Speaking of LLVM's internal linkage type, I could not find a way to set internal linkage type on memref::GlobalOp. I put a PR that attempts to add internal linkage type.
https://reviews.llvm.org/D154074

mlir/include/mlir/Dialect/NVGPU/IR/NVGPU.td
87

doc please: this is the type for a barrier in shared memory that is used to synchronize a variable number of threads. Conceptually it behaves similarly to C++ std::barrier<T>::arrive_and_wait
etc

420

Can we document what "parity" means here ?

mlir/lib/Conversion/NVGPUToNVVM/NVGPUToNVVM.cpp
706

Can we add a detailed enough comment to justify the current choice fo memref::GlobalOp, vs e.g. AllocaOp ?

749

comments here and below for lowering please.

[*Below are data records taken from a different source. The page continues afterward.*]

(* In the setting below, let $\mu_P$ be the induced measure on $P$, $\mu_P(E)=\int_{P^{(0)}}\lambda_P^v(E)\,d\mu_P^{(0)}(v)$. Then for every Borel function $f$ on $P$, $$\int_P f\,d\mu_P=\int_{G^{(0)}}\int_G\int_{S^{(0)}}\int_S\int_{T^{(0)}}\int_T f(\sigma,y,\tau)\,d\lambda_T^t(\tau)\,d\gamma_q^{d_G(y)}(t)\,d\lambda_S^s(\sigma)\,d\gamma_p^{r_G(y)}(s)\,d\lambda_G^u(y)\,d\mu_G^{(0)}(u).$$
   Context: Setting: $(S,\lambda_S^\bullet,\mu_S^{(0)})$, $(G,\lambda_G^\bullet,\mu_G^{(0)})$, $(T,\lambda_T^\bullet,\mu_T^{(0)})$ are Haar groupoids, i.e. second countable, locally compact, Hausdorff topological groupoids with continuous left Haar systems (families $\lambda^u$ of measures concentrated on $r^{-1}(u)$, continuous in $u$ against continuous compactly supported $f\ge0$, left invariant $\lambda^{d(x)}(E)=\lambda^{r(x)}(x(E\cap r^{-1}(d(x))))$, positive on open sets meeting $r^{-1}(u)$) and non-zero quasi-invariant Radon measures $\mu^{(0)}$ on unit spaces (the induced measure $\mu(E)=\int\lambda^u(E)d\mu^{(0)}(u)$ is equivalent to $E\mapsto\mu(E^{-1})$). $p:S\to G$, $q:T\to G$ are homomorphisms of Haar groupoids (continuous homomorphisms preserving the class of induced measures); $\mu_G$ is the induced measure of $G$. The weak pullback is $P=\{(s,g,t)\in S\times G\times T: r_G(g)=r_G(p(s)),\ d_G(g)=r_G(q(t))\}$, with $r_P(s,g,t)=(r_S(s),g,r_T(t))$ and unit space $P^{(0)}=\{(s,g,t):s\in S^{(0)},t\in T^{(0)},r_G(g)=p(s),d_G(g)=q(t)\}$; $\lambda_P^{(s,g,t)}=\lambda_S^s\times\delta_g\times\lambda_T^t$ for $(s,g,t)\in P^{(0)}$. A Borel system of measures (BSM) on a Borel map $\pi:X\to Y$ is a family $\{\gamma^y\}$ of positive Borel measures on $X$, $\gamma^y$ concentrated on $\pi^{-1}(y)$, with $y\mapsto\gamma^y(E)$ Borel; a disintegration of $\mu$ w.r.t. $\nu$ if $\mu(E)=\int\gamma^y(E)d\nu(y)$. $\gamma_p^\bullet$ (resp. $\gamma_q^\bullet$) is a locally finite and locally bounded BSM on $p|_{S^{(0)}}:S^{(0)}\to G^{(0)}$ (resp. $q|_{T^{(0)}}$) disintegrating $\mu_S^{(0)}$ (resp. $\mu_T^{(0)}$) w.r.t. $\mu_G^{(0)}$. For $x\in G$, $\eta^x=\gamma_p^{r_G(x)}\times\delta_x\times\gamma_q^{d_G(x)}$ on $P^{(0)}$, and $\mu_P^{(0)}(B)=\int_G\eta^x(B)\,d\mu_G(x)$. *)

theory Defs
  imports "HOL-Probability.Probability"
begin

text \<open>A groupoid whose set of arrows is the whole type 'a, together with a
  left Haar system (indexed by units) and a measure on the unit space.\<close>

record 'a hgpd =
  rg   :: "'a \<Rightarrow> 'a"
  dm   :: "'a \<Rightarrow> 'a"
  mul  :: "'a \<Rightarrow> 'a \<Rightarrow> 'a"
  iv   :: "'a \<Rightarrow> 'a"
  haar :: "'a \<Rightarrow> 'a measure"
  mu0  :: "'a measure"

definition units :: "('a, 'b) hgpd_scheme \<Rightarrow> 'a set" where
  "units G = range (rg G)"

definition groupoid :: "('a, 'b) hgpd_scheme \<Rightarrow> bool" where
  "groupoid G \<longleftrightarrow>
     (\<forall>x. rg G (rg G x) = rg G x \<and> dm G (rg G x) = rg G x \<and>
          rg G (dm G x) = dm G x \<and> dm G (dm G x) = dm G x) \<and>
     (\<forall>x y. dm G x = rg G y \<longrightarrow> rg G (mul G x y) = rg G x \<and> dm G (mul G x y) = dm G y) \<and>
     (\<forall>x y z. dm G x = rg G y \<longrightarrow> dm G y = rg G z \<longrightarrow>
          mul G (mul G x y) z = mul G x (mul G y z)) \<and>
     (\<forall>x. mul G (rg G x) x = x \<and> mul G x (dm G x) = x) \<and>
     (\<forall>x. rg G (iv G x) = dm G x \<and> dm G (iv G x) = rg G x \<and>
          mul G x (iv G x) = rg G x \<and> mul G (iv G x) x = dm G x)"

text \<open>Second countable, locally compact, Hausdorff topological groupoid
  (second countability and Hausdorffness come from the type class).\<close>
definition top_groupoid :: "('a::topological_space, 'b) hgpd_scheme \<Rightarrow> bool" where
  "top_groupoid G \<longleftrightarrow> groupoid G \<and> locally compact (UNIV :: 'a set) \<and>
     continuous_on {(x, y). dm G x = rg G y} (\<lambda>(x, y). mul G x y) \<and>
     continuous_on UNIV (iv G)"

definition haar_system :: "('a::topological_space, 'b) hgpd_scheme \<Rightarrow> bool" where
  "haar_system G \<longleftrightarrow>
     (\<forall>u\<in>units G. sets (haar G u) = sets borel) \<and>
     (\<forall>u\<in>units G. emeasure (haar G u) (- (rg G -` {u})) = 0) \<and>
     (\<forall>f::'a \<Rightarrow> real. continuous_on UNIV f \<longrightarrow> (\<forall>x. 0 \<le> f x) \<longrightarrow>
        compact (closure {x. f x \<noteq> 0}) \<longrightarrow>
        (\<forall>u\<in>units G. (\<integral>\<^sup>+ x. ennreal (f x) \<partial>haar G u) < \<infinity>) \<and>
        continuous_on (units G) (\<lambda>u. enn2real (\<integral>\<^sup>+ x. ennreal (f x) \<partial>haar G u))) \<and>
     (\<forall>x. \<forall>E\<in>sets borel.
        emeasure (haar G (dm G x)) E =
        emeasure (haar G (rg G x)) (mul G x ` (E \<inter> rg G -` {dm G x}))) \<and>
     (\<forall>u\<in>units G. \<forall>V. open V \<longrightarrow> V \<inter> rg G -` {u} \<noteq> {} \<longrightarrow>
        0 < emeasure (haar G u) V)"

mlir/test/Conversion/NVGPUToNVVM/nvgpu-to-nvvm.mlir
561

nit: nl

qcolombet added inline comments.Jul 4 2023, 8:21 AM
mlir/include/mlir/Dialect/NVGPU/IR/NVGPU.td
411

Can we use init on the same barrier several times?
E.g.,

barrier = mbarrier.create
mbarrier.init barrier
// RegionA: Do some stuff with barrier
mbarrier.init barrier
// RegionB: Do some other stuff with barrier

Ultimately what I am wondering is what kind of "effects" we should set on this operation, and/or how we should model the dependency on barrier. (like init is a store-like operation and other mbarrier operations are load-like operations on the given barrier?)

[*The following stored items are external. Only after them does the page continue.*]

(* Let $P_7(\lambda;m,\varepsilon)$ be the polynomial in $\lambda$ defined in the context. There exist $\varepsilon_0>0$ and $\delta>0$, and a unique function $m^c:(0,\varepsilon_0)\to(6-\delta,6+\delta)$ with $m^c(\varepsilon)\to 6$ as $\varepsilon\to0^+$, such that for every $\varepsilon\in(0,\varepsilon_0)$ the polynomial $\widetilde P_7(\lambda;\varepsilon):=P_7(\lambda;m^c(\varepsilon),\varepsilon)$ has exactly one pair of purely imaginary roots $\pm i\omega(\varepsilon)$, with $\omega(\varepsilon)>0$. Moreover, $\omega(\varepsilon)$ converges to $\sqrt3$ as $\varepsilon$ tends to $0$.
   Context: $P_7(\lambda;m,\varepsilon)=a_0\lambda^7+a_1\lambda^6+a_2\lambda^5+a_3\lambda^4+a_4\lambda^3+a_5\lambda^2+a_6\lambda+a_7$ with $a_i=a_i(m,\varepsilon)$: $a_0=2^{11}(\varepsilon-1)^4\varepsilon^2$; $a_1=-2^{11}(\varepsilon^2-\varepsilon)^2[(5\varepsilon^2-2\varepsilon+1)m^2+2(\varepsilon+1)^2m+4]$; $a_2=(\varepsilon^2-\varepsilon)[\varepsilon(59\varepsilon^3-9\varepsilon^2+17\varepsilon-3)m^4+4\varepsilon(15\varepsilon^3+15\varepsilon^2+17\varepsilon+1)m^3+4(\varepsilon+2)(\varepsilon^3+9\varepsilon^2+5\varepsilon+1)m^2-8(2\varepsilon^3-3\varepsilon^2-4\varepsilon-3)m-8(\varepsilon-1)(\varepsilon+2)]$; $a_3=2^7[-\varepsilon^2(5\varepsilon-1)(9\varepsilon^3+\varepsilon^2+7\varepsilon-1)m^6-2\varepsilon^2(59\varepsilon^4-8\varepsilon^3+74\varepsilon^2+8\varepsilon-5)m^5-4\varepsilon(4\varepsilon^5+27\varepsilon^4+24\varepsilon^3+37\varepsilon^2+6\varepsilon-2)m^4+4\varepsilon(4\varepsilon^5+20\varepsilon^4-31\varepsilon^3-23\varepsilon^2-33\varepsilon-1)m^3+4(9\varepsilon^5+27\varepsilon^4-15\varepsilon^3-24\varepsilon^2-12\varepsilon-1)m^2+4(\varepsilon^4+17\varepsilon^3-7\varepsilon^2-9\varepsilon-2)m-4(\varepsilon-1)^2(2\varepsilon+1)]$; $a_4=2^3[\varepsilon^2(9\varepsilon-1)^2(\varepsilon-1)^2m^8+8\varepsilon^2(\varepsilon-1)(45\varepsilon^3+5\varepsilon^2-21\varepsilon+3)m^7+8\varepsilon(21\varepsilon^5-58\varepsilon^4-84\varepsilon^3-32\varepsilon^2+27\varepsilon-2)m^6-16\varepsilon(34\varepsilon^5+42\varepsilon^4+113\varepsilon^3+81\varepsilon^2-7\varepsilon-7)m^5-16(7\varepsilon^6+96\varepsilon^5+75\varepsilon^4+176\varepsilon^3+42\varepsilon^2-10\varepsilon-2)m^4+16\varepsilon(6\varepsilon^4-75\varepsilon^3-65\varepsilon^2-117\varepsilon-5)m^3+16(29\varepsilon^4-7\varepsilon^3-48\varepsilon^2-31\varepsilon-7)m^2+32(\varepsilon-1)(7\varepsilon^2+14\varepsilon+3)m-16(\varepsilon-1)^2]$; $a_5=2^5m[\varepsilon^2(\varepsilon-1)^2(9\varepsilon^2+\varepsilon-2)m^7+(\varepsilon^2-\varepsilon)(38\varepsilon^4+46\varepsilon^3-39\varepsilon^2+3)m^6+(36\varepsilon^6+33\varepsilon^5-123\varepsilon^4-95\varepsilon^3+54\varepsilon^2-1)m^5-(8\varepsilon^6-8\varepsilon^5+169\varepsilon^4+233\varepsilon^3+25\varepsilon^2-41\varepsilon-2)m^4-(60\varepsilon^5+110\varepsilon^4+320\varepsilon^3+129\varepsilon^2-22\varepsilon-21)m^3-4(16\varepsilon^4+37\varepsilon^3+41\varepsilon^2+7\varepsilon-5)m^2+2(4\varepsilon^3-37\varepsilon^2-10\varepsilon-5)m+4(5\varepsilon^2-2\varepsilon-3)]$; $a_6=2^3m[2\varepsilon^2(\varepsilon-1)^2(\varepsilon+1)(2\varepsilon-1)m^7+(\varepsilon^2-\varepsilon)(16\varepsilon^4+58\varepsilon^3-19\varepsilon^2-10\varepsilon+3)m^6+(16\varepsilon^6+72\varepsilon^5-39\varepsilon^4-171\varepsilon^3+42\varepsilon^2+17\varepsilon-1)m^5+2(20\varepsilon^5-12\varepsilon^4-113\varepsilon^3-69\varepsilon^2+41\varepsilon+5)m^4-(2\varepsilon+1)(18\varepsilon^3+81\varepsilon^2+80\varepsilon-51)m^3-4(28\varepsilon^3+31\varepsilon^2+20\varepsilon-15)m^2-4(11\varepsilon-3)(\varepsilon+1)m-8(1-\varepsilon)]$; $a_7=2^4(m^2+m^3)[\varepsilon^2(\varepsilon^2-1)(2\varepsilon-1)m^4+\varepsilon(2\varepsilon-1)(3\varepsilon^2-3\varepsilon-2)m^3+(2\varepsilon^4-13\varepsilon^2+4\varepsilon+1)m^2-3(2\varepsilon-1)(\varepsilon+1)m+2(1-2\varepsilon)]$. *)

theory Defs
  imports "HOL-Analysis.Analysis" "HOL-Computational_Algebra.Polynomial"
begin

definition a0 :: "real \<Rightarrow> real \<Rightarrow> real" where
  "a0 m e = 2^11 * (e - 1)^4 * e^2"

definition a1 :: "real \<Rightarrow> real \<Rightarrow> real" where
  "a1 m e = - (2^11) * (e^2 - e)^2 * ((5*e^2 - 2*e + 1)*m^2 + 2*(e+1)^2*m + 4)"

definition a2 :: "real \<Rightarrow> real \<Rightarrow> real" where
  "a2 m e = (e^2 - e) * (e*(59*e^3 - 9*e^2 + 17*e - 3)*m^4
     + 4*e*(15*e^3 + 15*e^2 + 17*e + 1)*m^3
     + 4*(e+2)*(e^3 + 9*e^2 + 5*e + 1)*m^2
     - 8*(2*e^3 - 3*e^2 - 4*e - 3)*m
     - 8*(e - 1)*(e + 2))"

definition a3 :: "real \<Rightarrow> real \<Rightarrow> real" where
  "a3 m e = 2^7 * (- (e^2)*(5*e - 1)*(9*e^3 + e^2 + 7*e - 1)*m^6
     - 2*e^2*(59*e^4 - 8*e^3 + 74*e^2 + 8*e - 5)*m^5
     - 4*e*(4*e^5 + 27*e^4 + 24*e^3 + 37*e^2 + 6*e - 2)*m^4
     + 4*e*(4*e^5 + 20*e^4 - 31*e^3 - 23*e^2 - 33*e - 1)*m^3
     + 4*(9*e^5 + 27*e^4 - 15*e^3 - 24*e^2 - 12*e - 1)*m^2
     + 4*(e^4 + 17*e^3 - 7*e^2 - 9*e - 2)*m
     - 4*(e - 1)^2*(2*e + 1))"

definition a4 :: "real \<Rightarrow> real \<Rightarrow> real" where
  "a4 m e = 2^3 * (e^2*(9*e - 1)^2*(e - 1)^2*m^8
     + 8*e^2*(e - 1)*(45*e^3 + 5*e^2 - 21*e + 3)*m^7
     + 8*e*(21*e^5 - 58*e^4 - 84*e^3 - 32*e^2 + 27*e - 2)*m^6
     - 16*e*(34*e^5 + 42*e^4 + 113*e^3 + 81*e^2 - 7*e - 7)*m^5
     - 16*(7*e^6 + 96*e^5 + 75*e^4 + 176*e^3 + 42*e^2 - 10*e - 2)*m^4
     + 16*e*(6*e^4 - 75*e^3 - 65*e^2 - 117*e - 5)*m^3
     + 16*(29*e^4 - 7*e^3 - 48*e^2 - 31*e - 7)*m^2
     + 32*(e - 1)*(7*e^2 + 14*e + 3)*m
     - 16*(e - 1)^2)"

definition a5 :: "real \<Rightarrow> real \<Rightarrow> real" where
  "a5 m e = 2^5 * m * (e^2*(e - 1)^2*(9*e^2 + e - 2)*m^7
     + (e^2 - e)*(38*e^4 + 46*e^3 - 39*e^2 + 3)*m^6
     + (36*e^6 + 33*e^5 - 123*e^4 - 95*e^3 + 54*e^2 - 1)*m^5
     - (8*e^6 - 8*e^5 + 169*e^4 + 233*e^3 + 25*e^2 - 41*e - 2)*m^4
     - (60*e^5 + 110*e^4 + 320*e^3 + 129*e^2 - 22*e - 21)*m^3
     - 4*(16*e^4 + 37*e^3 + 41*e^2 + 7*e - 5)*m^2
     + 2*(4*e^3 - 37*e^2 - 10*e - 5)*m
     + 4*(5*e^2 - 2*e - 3))"

definition a6 :: "real \<Rightarrow> real \<Rightarrow> real" where
  "a6 m e = 2^3 * m * (2*e^2*(e - 1)^2*(e + 1)*(2*e - 1)*m^7
     + (e^2 - e)*(16*e^4 + 58*e^3 - 19*e^2 - 10*e + 3)*m^6
     + (16*e^6 + 72*e^5 - 39*e^4 - 171*e^3 + 42*e^2 + 17*e - 1)*m^5
     + 2*(20*e^5 - 12*e^4 - 113*e^3 - 69*e^2 + 41*e + 5)*m^4
     - (2*e + 1)*(18*e^3 + 81*e^2 + 80*e - 51)*m^3
     - 4*(28*e^3 + 31*e^2 + 20*e - 15)*m^2
     - 4*(11*e - 3)*(e + 1)*m
     - 8*(1 - e))"

definition a7 :: "real \<Rightarrow> real \<Rightarrow> real" where
  "a7 m e = 2^4 * (m^2 + m^3) * (e^2*(e^2 - 1)*(2*e - 1)*m^4
     + e*(2*e - 1)*(3*e^2 - 3*e - 2)*m^3
     + (2*e^4 - 13*e^2 + 4*e + 1)*m^2
     - 3*(2*e - 1)*(e + 1)*m
     + 2*(1 - 2*e))"

definition P7 :: "real \<Rightarrow> real \<Rightarrow> complex poly" where
  "P7 m e = map_poly complex_of_real
     [: a7 m e, a6 m e, a5 m e, a4 m e, a3 m e, a2 m e, a1 m e, a0 m e :]"

definition unique_imag_pair :: "complex poly \<Rightarrow> real \<Rightarrow> bool" where
  "unique_imag_pair p w \<longleftrightarrow> w > 0 \<and>
     {z. poly p z = 0 \<and> Re z = 0 \<and> Im z \<noteq> 0} = {\<i> * of_real w, - \<i> * of_real w}"

end

theory Submission
  imports Defs
begin

text \<open>
  For real y, P7(i y) = R(y^2) + i y I(y^2) with R = P7_re and I = P7_im real polynomials in
  (m, e, s); so the purely imaginary roots i y, y \<noteq> 0, are given by the positive common zeros
  s = y^2 of R and I. At (m, e, s) = (6, 0, 3) both vanish, and near that point R is increasing
  in m and decreasing in s while I is decreasing in both; for 0 \<le> e \<le> 1 the signs of a0, a2,
  a4 even make I decreasing on all of s \<ge> 0. So for fixed small e > 0 and m near 6, I(m, -) has
  exactly one positive zero s = zero_curve m, which decreases in m, and m \<mapsto> R(m, zero_curve m)
  is strictly increasing. It changes sign on [6 - \<delta>, 6 + \<delta>]; its unique zero is m^c(e), and
  \<omega>(e) = sqrt (zero_curve (m^c(e))). The same sign argument on shrinking windows around
  (6, 3) gives m^c(e) \<rightarrow> 6 and \<omega>(e) \<rightarrow> sqrt 3.
\<close>

section \<open>Common zeros of two functions with a monotone sign pattern\<close>

locale monotone_crossing =
  fixes R I :: "real \<Rightarrow> real \<Rightarrow> real" and a b c d :: real
  assumes c_nonneg: "0 \<le> c" and c_le_d: "c \<le> d"
    and I_strict_antimono_s: "\<lbrakk>m \<in> {a..b}; 0 \<le> s; s < s'\<rbrakk> \<Longrightarrow> I m s' < I m s"
    and I_at_c_pos: "m \<in> {a..b} \<Longrightarrow> 0 < I m c"
    and I_at_d_neg: "m \<in> {a..b} \<Longrightarrow> I m d < 0"
    and I_strict_antimono_m:
      "\<lbrakk>m \<in> {a..b}; m' \<in> {a..b}; m < m'; s \<in> {c..d}\<rbrakk> \<Longrightarrow> I m' s < I m s"
    and R_strict_mono_m:
      "\<lbrakk>m \<in> {a..b}; m' \<in> {a..b}; m < m'; s \<in> {c..d}\<rbrakk> \<Longrightarrow> R m s < R m' s"
    and R_strict_antimono_s:
      "\<lbrakk>m \<in> {a..b}; s \<in> {c..d}; s' \<in> {c..d}; s < s'\<rbrakk> \<Longrightarrow> R m s' < R m s"
    and I_continuous: "continuous_on ({a..b} \<times> {c..d}) (\<lambda>x. I (fst x) (snd x))"
    and R_continuous: "continuous_on ({a..b} \<times> {c..d}) (\<lambda>x. R (fst x) (snd x))"
begin

lemma continuous_on_I_m:
  assumes "s \<in> {c..d}"
  shows "continuous_on {a..b} (\<lambda>m. I m s)"
proof -
  have "continuous_on {a..b} (\<lambda>m. (m, s))"
    by (intro continuous_intros)
  moreover have "(\<lambda>m. (m, s)) ` {a..b} \<subseteq> {a..b} \<times> {c..d}"
    using assms by auto
  ultimately show ?thesis
    using continuous_on_compose2[OF I_continuous] by fastforce
qed

lemma continuous_on_I_s:
  assumes "m \<in> {a..b}"
  shows "continuous_on {c..d} (I m)"
proof -
  have "continuous_on {c..d} (\<lambda>s. (m, s))"
    by (intro continuous_intros)
  moreover have "(\<lambda>s. (m, s)) ` {c..d} \<subseteq> {a..b} \<times> {c..d}"
    using assms by auto
  ultimately show ?thesis
    using continuous_on_compose2[OF I_continuous] by fastforce
qed

lemma I_pos_iff_less_zero:
  assumes "m \<in> {a..b}" "0 \<le> s" "0 \<le> t" "I m t = 0"
  shows "0 < I m s \<longleftrightarrow> s < t"
proof
  assume "0 < I m s"
  then show "s < t"
    using I_strict_antimono_s[OF assms(1), of t s] assms by (cases s t rule: linorder_cases) auto
qed (use I_strict_antimono_s[OF assms(1), of s t] assms in auto)

lemma ex1_positive_zero:
  assumes m: "m \<in> {a..b}"
  shows "\<exists>!s. 0 < s \<and> I m s = 0"
proof -
  obtain s where "c \<le> s" "s \<le> d" "I m s = 0"
    using IVT2'[of "I m" d 0 c] I_at_c_pos[OF m] I_at_d_neg[OF m] continuous_on_I_s[OF m] c_le_d
    by auto
  moreover have "s \<noteq> c"
    using I_at_c_pos[OF m] \<open>I m s = 0\<close> by auto
  moreover have "s = t" if "0 < s" "I m s = 0" "0 < t" "I m t = 0" for s t
    using I_pos_iff_less_zero[OF m, of s t] I_pos_iff_less_zero[OF m, of t s] that by auto
  ultimately show ?thesis
    using c_nonneg by (intro ex1I[of _ s]) auto
qed

definition zero_curve :: "real \<Rightarrow> real" where
  "zero_curve m = (THE s. 0 < s \<and> I m s = 0)"

lemma zero_curve_eq_iff:
  assumes "m \<in> {a..b}" "0 < s"
  shows "I m s = 0 \<longleftrightarrow> s = zero_curve m"
  using theI'[OF ex1_positive_zero[OF assms(1)]] the1_equality[OF ex1_positive_zero[OF assms(1)]]
    assms(2)
  unfolding zero_curve_def by blast

lemma
  assumes "m \<in> {a..b}"
  shows zero_curve_pos: "0 < zero_curve m" and I_zero_curve: "I m (zero_curve m) = 0"
  using theI'[OF ex1_positive_zero[OF assms]] unfolding zero_curve_def by auto

lemma less_zero_curve_iff:
  assumes "m \<in> {a..b}" "0 \<le> s"
  shows "s < zero_curve m \<longleftrightarrow> 0 < I m s"
  using I_pos_iff_less_zero[OF assms less_imp_le[OF zero_curve_pos] I_zero_curve] assms(1)
  by simp

lemma zero_curve_less_iff:
  assumes "m \<in> {a..b}" "0 \<le> s"
  shows "zero_curve m < s \<longleftrightarrow> I m s < 0"
proof
  assume "zero_curve m < s"
  then show "I m s < 0"
    using I_strict_antimono_s[OF assms(1) less_imp_le[OF zero_curve_pos]] assms(1) I_zero_curve
    by fastforce
next
  assume "I m s < 0"
  then show "zero_curve m < s"
    using less_zero_curve_iff[OF assms] I_zero_curve[OF assms(1)]
    by (cases "s = zero_curve m") auto
qed

lemma zero_curve_bounds: "m \<in> {a..b} \<Longrightarrow> zero_curve m \<in> {c<..<d}"
  using less_zero_curve_iff[of m c] zero_curve_less_iff[of m d] I_at_c_pos I_at_d_neg
    c_nonneg c_le_d
  by auto

lemma zero_curve_strict_antimono:
  assumes "m \<in> {a..b}" "m' \<in> {a..b}" "m < m'"
  shows "zero_curve m' < zero_curve m"
proof -
  have "I m' (zero_curve m) < I m (zero_curve m)"
    using I_strict_antimono_m[OF assms] zero_curve_bounds[OF assms(1)] by simp
  then show ?thesis
    using zero_curve_less_iff[OF assms(2)] zero_curve_pos[OF assms(1)] I_zero_curve[OF assms(1)]
    by simp
qed

lemma tendsto_I_m: "m0 \<in> {a..b} \<Longrightarrow> u \<in> {c..d} \<Longrightarrow> ((\<lambda>m. I m u) \<longlongrightarrow> I m0 u) (at m0 within {a..b})"
  using continuous_on_I_m unfolding continuous_on_def by blast

lemma eventually_less_zero_curve:
  assumes m0: "m0 \<in> {a..b}" and "t < zero_curve m0"
  shows "\<forall>\<^sub>F m in at m0 within {a..b}. t < zero_curve m"
proof -
  define u where "u = max t c"
  have u: "u \<in> {c..d}" "0 \<le> u" "t \<le> u" "u < zero_curve m0"
    using assms zero_curve_bounds[OF m0] c_nonneg by (auto simp: u_def)
  then have "0 < I m0 u"
    using less_zero_curve_iff[OF m0] by simp
  with tendsto_I_m[OF m0 u(1)] have "\<forall>\<^sub>F m in at m0 within {a..b}. 0 < I m u"
    by (rule order_tendstoD)
  moreover have "\<forall>\<^sub>F m in at m0 within {a..b}. m \<in> {a..b}"
    by (simp add: eventually_at_filter)
  ultimately show ?thesis
    by eventually_elim (use less_zero_curve_iff u in fastforce)
qed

For instance, in my snippet, we wouldn't want to move some code from RegionB in RegionA.

mlir/lib/Conversion/NVGPUToNVVM/NVGPUToNVVM.cpp
346

Should we return an optional here?

Put differently, what should the user of this API do when they receive {}?

guraypp updated this revision to Diff 539054.Jul 11 2023, 6:17 AM
guraypp marked 3 inline comments as done.

address comments

guraypp edited the summary of this revision. (Show Details)Jul 11 2023, 6:17 AM
nicolasvasilache accepted this revision.Jul 11 2023, 8:32 AM
nicolasvasilache added inline comments.
mlir/include/mlir/Dialect/NVGPU/IR/NVGPU.td
88

can we drop the first sentence? it seems redundant

This revision is now accepted and ready to land.Jul 11 2023, 8:32 AM
guraypp updated this revision to Diff 539125.Jul 11 2023, 8:34 AM
guraypp edited the summary of this revision. (Show Details)

address the comments

This revision was landed with ongoing or failed builds.Jul 11 2023, 8:35 AM
This revision was automatically updated to reflect the committed changes.